Post-hoc interpretability via SHAP token attributions was included for completeness but treated with appropriate caution given the known limitations of post-hoc explanations for transformer models.

Relevance to Applied ML

The project addresses a problem that recurs in every production ML system: your training data does not perfectly represent the data you will encounter at deployment. The findings have direct implications for practitioners deciding between single-task and multi-task architectures.
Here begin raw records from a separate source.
(* In the security 1st model, for every attacker AS $m$, destination AS $d$, and AS $s$ that, in normal conditions, has a secure route to $d$ that does not go through $m$, $s$ will use a secure route to $d$ even during $m$'s attack.
   Context: The AS-level topology is an undirected graph $G=(V,E)$ whose edges are annotated as customer-to-provider or peer-to-peer. For each destination AS $d$, every other AS selects one route among those announced to it by neighbors. An insecure AS ranks routes by: (LP, local preference) customer routes over peer routes over provider routes; (SP) shorter AS paths over longer ones; (TB) intradomain tiebreak. Export policy (Ex): a route via a customer is exported to all neighbors, otherwise only to customers. A set $S$ of ASes is secure (has deployed S*BGP); a route is secure if every AS on it is secure (it is learned via S*BGP), otherwise it is insecure. Each secure AS adds a step (SecP): prefer a secure route over an insecure route. In the security 1st model, SecP is placed before the LP step (all ASes use this same ordering). Attack: a single attacker AS $m$ (not actually adjacent to $d$) announces the bogus AS path "$m,d$" via legacy (insecure) BGP to all its neighbors; all ASes other than $m$ follow the policies above. "Normal conditions" means there is no attack. A protocol downgrade attack is when a source AS that uses a secure route to the legitimate destination under normal conditions switches to an insecure bogus route during the attack. *)

theory Defs
  imports Main "HOL-Library.Product_Lexorder"
begin

text \<open>AS topology. cust x y: x is a customer of y (y is a provider of x).
  peer x y: x and y are peers. Routes are lists of ASes from the current AS
  to the destination (e.g. [v, u, ..., d]).\<close>

definition adj :: "('a \<Rightarrow> 'a \<Rightarrow> bool) \<Rightarrow> ('a \<Rightarrow> 'a \<Rightarrow> bool) \<Rightarrow> 'a \<Rightarrow> 'a \<Rightarrow> bool" where
  "adj cust peer x y \<longleftrightarrow> cust x y \<or> cust y x \<or> peer x y"

definition as_topology :: "('a \<Rightarrow> 'a \<Rightarrow> bool) \<Rightarrow> ('a \<Rightarrow> 'a \<Rightarrow> bool) \<Rightarrow> bool" where
  "as_topology cust peer \<longleftrightarrow>
     (\<forall>x y. peer x y \<longrightarrow> peer y x) \<and>
     (\<forall>x. \<not> peer x x) \<and>
     (\<forall>x y. cust x y \<longrightarrow> \<not> peer x y) \<and>
     (\<forall>x. \<not> (cust\<^sup>+\<^sup>+) x x)"

definition tiebreak_wf :: "('a \<Rightarrow> 'a \<Rightarrow> bool) \<Rightarrow> ('a \<Rightarrow> 'a \<Rightarrow> bool) \<Rightarrow> ('a \<Rightarrow> 'a \<Rightarrow> nat) \<Rightarrow> bool" where
  "tiebreak_wf cust peer tb \<longleftrightarrow> (\<forall>v. inj_on (tb v) {u. adj cust peer v u})"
Reach for MTL when you have limited labelled data, severe class imbalance, or reason to expect domain shift at deployment. The inductive bias from a related auxiliary task can act as a structural regulariser that simple data augmentation cannot fully replicate.

Stay with STL when you have sufficient, well-distributed training data and a stable deployment domain. The specialisation advantage of a single-task model outweighs the regularisation benefit of MTL in these conditions.

Design your evaluation to isolate mechanisms. An MTL result without a data-volume control is incomplete. An out-of-domain evaluation without disentangling input shift from label shift conflates two different failure modes. The ablation methodology used here — varying one factor while holding others constant — is transferable to any model evaluation pipeline.

This post is a condensed version of my MSc thesis at the University of Amsterdam (2025). The full thesis is available on request. An earlier version was published on Medium.